We’ve all been there. If not with a car, after buying a great new pair of shoes. They look so clean and snazzy on your feet. The gleaming white, the spotless sole, the vibrant colors. And, then, after a trudge through the mall food court, you spot the black streak down the corner of the toe box. In that moment, something inside you dies.

Your love is never the same, is it? The funny thing is, it’s something of a relief when the first bump, the first scratch, the first scuff happens. You can finally exhale, no longer protecting its flawlessness. You can relax. It’s as if you achieve a healthy equilibrium, a healthy perspective on something that is, ultimately, not important. But, until that first scuff, all bets are off on rationality. We are the guardians of the unblemished.

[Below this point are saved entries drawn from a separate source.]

(* Let $(G,\cdot)$ be a finite group and let $\psi\in\operatorname{End}(G,\cdot)$ be non-trivial and idempotent ($\psi\circ\psi=\psi$) with $\psi([[G,\psi],G])\le Z(G,\cdot)$. Let $N=\{h\mapsto g\,\psi(g)^{-1}h\,\psi(g) : g\in G\}\le\operatorname{Perm}(G)$. Then $N\cong(\ker\psi,\cdot)\times(\psi(G),\cdot)$.
   Context: $\operatorname{Perm}(G)$ is the group of permutations of the set $G$. For $\psi\in\operatorname{End}(G,\cdot)$, $[g,\psi]=g\cdot\psi(g)^{-1}$ and $[G,\psi]$ is the subgroup generated by these elements; $[x,y]=xyx^{-1}y^{-1}$ and $[A,B]$ is the subgroup generated by $[a,b]$, $a\in A,b\in B$; $Z(G,\cdot)$ is the centre. *)

theory Defs
  imports "HOL-Algebra.Algebra"
begin

definition group_centre :: "('a, 'b) monoid_scheme \<Rightarrow> 'a set" where
  "group_centre G = {z \<in> carrier G. \<forall>x \<in> carrier G. z \<otimes>\<^bsub>G\<^esub> x = x \<otimes>\<^bsub>G\<^esub> z}"

definition endo_comm :: "('a, 'b) monoid_scheme \<Rightarrow> ('a \<Rightarrow> 'a) \<Rightarrow> 'a set" where
  "endo_comm G \<psi> = generate G ((\<lambda>g. g \<otimes>\<^bsub>G\<^esub> inv\<^bsub>G\<^esub> (\<psi> g)) ` carrier G)"

definition comm_subgroup :: "('a, 'b) monoid_scheme \<Rightarrow> 'a set \<Rightarrow> 'a set \<Rightarrow> 'a set" where
  "comm_subgroup G A B = generate G
     (\<Union>a \<in> A. \<Union>b \<in> B. {a \<otimes>\<^bsub>G\<^esub> b \<otimes>\<^bsub>G\<^esub> inv\<^bsub>G\<^esub> a \<otimes>\<^bsub>G\<^esub> inv\<^bsub>G\<^esub> b})"

text \<open>The set N of permutations h \<mapsto> g psi(g)^-1 h psi(g) of carrier G,
  as elements of BijGroup (carrier G) (extensional functions).\<close>
definition N_perm :: "('a, 'b) monoid_scheme \<Rightarrow> ('a \<Rightarrow> 'a) \<Rightarrow> ('a \<Rightarrow> 'a) set" where
  "N_perm G \<psi> = (\<lambda>g. restrict (\<lambda>h. g \<otimes>\<^bsub>G\<^esub> inv\<^bsub>G\<^esub> (\<psi> g) \<otimes>\<^bsub>G\<^esub> h \<otimes>\<^bsub>G\<^esub> \<psi> g) (carrier G)) ` carrier G"

end

theory Submission
  imports Defs
begin

text \<open>Left multiplication by k commutes with right multiplication by x\<inverse>, so
  (k, x) \<mapsto> (h \<mapsto> k h x\<inverse>) is a homomorphism from H \<times> J into the permutations
  of G for any two subgroups H, J; evaluating at 1 shows that it is injective once H and J
  meet trivially. For an idempotent endomorphism \<psi> the kernel meets the image trivially,
  and writing g = k x\<inverse> with k = g \<psi>(g)\<inverse> in the kernel and x = \<psi>(g)\<inverse> in the
  image identifies h \<mapsto> g \<psi>(g)\<inverse> h \<psi>(g) with the translation by (k, x). Hence N is
  the injective image of ker \<psi> \<times> \<psi>(G).\<close>

definition lr_translation :: "('a, 'b) monoid_scheme \<Rightarrow> 'a \<Rightarrow> 'a \<Rightarrow> 'a \<Rightarrow> 'a" where
  "lr_translation G k x = (\<lambda>h \<in> carrier G. k \<otimes>\<^bsub>G\<^esub> h \<otimes>\<^bsub>G\<^esub> inv\<^bsub>G\<^esub> x)"

lemma (in group) lr_translation_Bij:
  assumes "k \<in> carrier G" "x \<in> carrier G"
  shows "lr_translation G k x \<in> Bij (carrier G)"
proof -
  have "bij_betw (\<lambda>h. k \<otimes> h \<otimes> inv x) (carrier G) (carrier G)"
    by (rule bij_betw_byWitness[where f' = "\<lambda>h. inv k \<otimes> h \<otimes> x"])
      (auto simp: assms m_assoc, simp_all add: assms m_assoc[symmetric])
  then have "bij_betw (lr_translation G k x) (carrier G) (carrier G)"
    by (rule bij_betw_cong[THEN iffD1, rotated]) (simp add: lr_translation_def)
  then show ?thesis
    by (simp add: Bij_def lr_translation_def)
qed

lemma (in group) lr_translation_compose:
  assumes "k \<in> carrier G" "x \<in> carrier G" "k' \<in> carrier G" "x' \<in> carrier G"
  shows "compose (carrier G) (lr_translation G k x) (lr_translation G k' x')
    = lr_translation G (k \<otimes> k') (x \<otimes> x')"
  by (rule ext) (simp add: compose_def lr_translation_def assms inv_mult_group m_assoc)

lemma (in group) lr_translation_hom:
  assumes "subgroup H G" "subgroup J G"
  shows "(\<lambda>(k, x). lr_translation G k x)
    \<in> hom (G\<lparr>carrier := H\<rparr> \<times>\<times> G\<lparr>carrier := J\<rparr>) (BijGroup (carrier G))"
proof (rule homI)
  fix p assume "p \<in> carrier (G\<lparr>carrier := H\<rparr> \<times>\<times> G\<lparr>carrier := J\<rparr>)"
  then show "(case p of (k, x) \<Rightarrow> lr_translation G k x) \<in> carrier (BijGroup (carrier G))"
    using assms by (auto simp: BijGroup_def lr_translation_Bij subgroup.mem_carrier)
next
  fix p q assume "p \<in> carrier (G\<lparr>carrier := H\<rparr> \<times>\<times> G\<lparr>carrier := J\<rparr>)"
    and "q \<in> carrier (G\<lparr>carrier := H\<rparr> \<times>\<times> G\<lparr>carrier := J\<rparr>)"
  then obtain k x k' x' where pq: "p = (k, x)" "q = (k', x')"
    and mem: "k \<in> carrier G" "x \<in> carrier G" "k' \<in> carrier G" "x' \<in> carrier G"
    using assms by (auto simp: subgroup.mem_carrier)
  then show "(case p \<otimes>\<^bsub>G\<lparr>carrier := H\<rparr> \<times>\<times> G\<lparr>carrier := J\<rparr>\<^esub> q of (k, x) \<Rightarrow> lr_translation G k x)
    = (case p of (k, x) \<Rightarrow> lr_translation G k x)
      \<otimes>\<^bsub>BijGroup (carrier G)\<^esub> (case q of (k, x) \<Rightarrow> lr_translation G k x)"
    by (simp add: BijGroup_def DirProd_def lr_translation_Bij lr_translation_compose)
qed

lemma (in group) lr_translation_inj_on:
  assumes "subgroup H G" "subgroup J G" "H \<inter> J \<subseteq> {\<one>}"
  shows "inj_on (\<lambda>(k, x). lr_translation G k x) (H \<times> J)"
proof (rule inj_onI, clarify)
  fix k x k' x'
  assume kx: "k \<in> H" "x \<in> J" "k' \<in> H" "x' \<in> J"
    and eq: "lr_translation G k x = lr_translation G k' x'"
  then have mem: "k \<in> carrier G" "x \<in> carrier G" "k' \<in> carrier G" "x' \<in> carrier G"
    using assms(1,2) by (auto intro: subgroup.mem_carrier)
  have translate_one: "k \<otimes> inv x = k' \<otimes> inv x'"
    using fun_cong[OF eq, of \<one>] mem by (simp add: lr_translation_def)
  have "inv k' \<otimes> k = inv k' \<otimes> (k \<otimes> inv x) \<otimes> x"
    using mem by (simp add: m_assoc)
  also have "\<dots> = inv k' \<otimes> (k' \<otimes> inv x') \<otimes> x"
    by (simp add: translate_one)
  also have "\<dots> = inv x' \<otimes> x"
    using mem by (simp add: m_assoc[symmetric])
  finally have quotients_eq: "inv k' \<otimes> k = inv x' \<otimes> x" .
  have "inv k' \<otimes> k \<in> H" "inv x' \<otimes> x \<in> J"
    using kx assms(1,2) by (auto intro: subgroup.m_closed subgroup.m_inv_closed)
  then have trivial: "inv k' \<otimes> k = \<one>" "inv x' \<otimes> x = \<one>"
    using quotients_eq assms(3) by auto
  have "k = k' \<otimes> (inv k' \<otimes> k)" "x = x' \<otimes> (inv x' \<otimes> x)"
    using mem by (simp_all add: m_assoc[symmetric])
  then show "k = k' \<and> x = x'"
    using mem by (simp add: trivial)
qed

lemma (in group_hom) inj_on_image_iso:
  assumes "inj_on h (carrier G)"
  shows "subgroup (h ` carrier G) H \<and> H\<lparr>carrier := h ` carrier G\<rparr> \<cong> G"
proof
  show "subgroup (h ` carrier G) H" by (rule img_is_subgroup)
  have "h \<in> iso G (H\<lparr>carrier := h ` carrier G\<rparr>)"
    using assms by (auto simp: iso_def hom_def bij_betw_def hom_mult)
  then show "H\<lparr>carrier := h ` carrier G\<rparr> \<cong> G"
    by (intro G.iso_sym is_isoI)
qed

lemma (in group) lr_translation_image_iso:
  assumes "subgroup H G" "subgroup J G" "H \<inter> J \<subseteq> {\<one>}"
  defines "T \<equiv> (\<lambda>(k, x). lr_translation G k x) ` (H \<times> J)"
  shows "subgroup T (BijGroup (carrier G))
    \<and> BijGroup (carrier G)\<lparr>carrier := T\<rparr> \<cong> G\<lparr>carrier := H\<rparr> \<times>\<times> G\<lparr>carrier := J\<rparr>"
proof -
  interpret translation: group_hom "G\<lparr>carrier := H\<rparr> \<times>\<times> G\<lparr>carrier := J\<rparr>"
    "BijGroup (carrier G)" "\<lambda>(k, x). lr_translation G k x"
    using assms(1,2)
    by (simp add: group_hom_def group_hom_axioms_def group_BijGroup lr_translation_hom
        DirProd_group subgroup.subgroup_is_group is_group)
  show ?thesis
    using translation.inj_on_image_iso lr_translation_inj_on[OF assms(1-3)]
    by (simp add: T_def)
qed

lemma kernel_Int_image_of_idempotent:
  assumes "\<forall>g \<in> carrier G. \<phi> (\<phi> g) = \<phi> g"
  shows "kernel G G \<phi> \<inter> \<phi> ` carrier G \<subseteq> {\<one>\<^bsub>G\<^esub>}"
proof clarify
  fix y assume "y \<in> carrier G" "\<phi> y \<in> kernel G G \<phi>"
  then show "\<phi> y = \<one>\<^bsub>G\<^esub>"
    using assms by (simp add: kernel_def)
qed

lemma (in group) N_perm_eq_lr_translation_image:
  assumes "\<phi> \<in> hom G G" "\<forall>g \<in> carrier G. \<phi> (\<phi> g) = \<phi> g"
  shows "N_perm G \<phi> = (\<lambda>(k, x). lr_translation G k x) ` (kernel G G \<phi> \<times> \<phi> ` carrier G)"
proof -
  interpret \<phi>: group_hom G G \<phi>
    using assms(1) by (simp add: group_hom_def group_hom_axioms_def is_group)
  show ?thesis
  proof (intro equalityI subsetI)
    fix f assume "f \<in> N_perm G \<phi>"
    then obtain g where g: "g \<in> carrier G"
      and f: "f = (\<lambda>y \<in> carrier G. g \<otimes> inv (\<phi> g) \<otimes> y \<otimes> \<phi> g)"
      by (auto simp: N_perm_def)
    have "g \<otimes> inv (\<phi> g) \<in> kernel G G \<phi>"
      using g assms(2) by (simp add: kernel_def)
    moreover have "inv (\<phi> g) \<in> \<phi> ` carrier G"
      using g by (metis inv_closed \<phi>.hom_inv image_eqI)
    moreover have "f = lr_translation G (g \<otimes> inv (\<phi> g)) (inv (\<phi> g))"
      using g by (simp add: f lr_translation_def)
    ultimately show "f \<in> (\<lambda>(k, x). lr_translation G k x) ` (kernel G G \<phi> \<times> \<phi> ` carrier G)"
      by auto
  next
    fix f assume "f \<in> (\<lambda>(k, x). lr_translation G k x) ` (kernel G G \<phi> \<times> \<phi> ` carrier G)"
    then obtain k y where k: "k \<in> carrier G" "\<phi> k = \<one>" and y: "y \<in> carrier G"
      and f: "f = lr_translation G k (\<phi> y)"
      by (auto simp: kernel_def)
    define g where "g = k \<otimes> inv (\<phi> y)"
    have g_mem: "g \<in> carrier G" using k y by (simp add: g_def)
    have \<phi>g: "\<phi> g = inv (\<phi> y)" using k y assms(2) by (simp add: g_def)
    have "g \<otimes> inv (\<phi> g) = k"
      unfolding \<phi>g g_def using k y assms(2) by (simp add: m_assoc)
    then have "f = (\<lambda>x \<in> carrier G. g \<otimes> inv (\<phi> g) \<otimes> x \<otimes> \<phi> g)"
      using y by (simp add: f \<phi>g lr_translation_def)
    then show "f \<in> N_perm G \<phi>"
      using g_mem by (auto simp: N_perm_def)
  qed
qed

theorem mainTheorem10:
  fixes G :: "('a, 'b) monoid_scheme" and \<psi> :: "'a \<Rightarrow> 'a"
  assumes "group G"
    and "finite (carrier G)"
    and "\<psi> \<in> hom G G"
    and "\<exists>g \<in> carrier G. \<psi> g \<noteq> \<one>\<^bsub>G\<^esub>"
    and "\<forall>g \<in> carrier G. \<psi> (\<psi> g) = \<psi> g"
    and "\<psi> ` comm_subgroup G (endo_comm G \<psi>) (carrier G) \<subseteq> group_centre G"
  shows "subgroup (N_perm G \<psi>) (BijGroup (carrier G))
    \<and> (BijGroup (carrier G)) \<lparr>carrier := N_perm G \<psi>\<rparr>
        \<cong> (G \<lparr>carrier := kernel G G \<psi>\<rparr>) \<times>\<times> (G \<lparr>carrier := \<psi> ` carrier G\<rparr>)"
proof -
  interpret \<psi>: group_hom G G \<psi>
    using assms(1,3) by (simp add: group_hom_def group_hom_axioms_def)
  show ?thesis
    using group.lr_translation_image_iso[OF assms(1) \<psi>.subgroup_kernel \<psi>.img_is_subgroup
        kernel_Int_image_of_idempotent[OF assms(5)]]
    by (simp add: group.N_perm_eq_lr_translation_image[OF assms(1,3,5)])
qed

end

We treat people the same way. As parents, we protect children from any and all harms. We know it’s a losing battle, but that doesn’t stop us from going above and beyond (and beyond that) to insulate little Timmy from all the ills of the world, physical, mental, and emotional. As neurotic as we are at keeping our kids unblemished, we oddly value adults that have been around the block a few times. That have a few scuffs and scrapes. We call it life experience. Wisdom.

I’ve never considered my shoes or car wise, but I have noticed that, once broken in, once stripped of the veneer of perfection, I actually enjoy them more. These things wear into a level of comfort, of ease that brings me happiness and satisfaction. You learn the feel of the car, and you love the feel of the shoe. Not perfect, but just right.

It’s a good reminder that, sometimes, the mistakes people make, the flaws they exhibit, well, that’s just their journey to wisdom. Their journey to being, feeling, and doing good.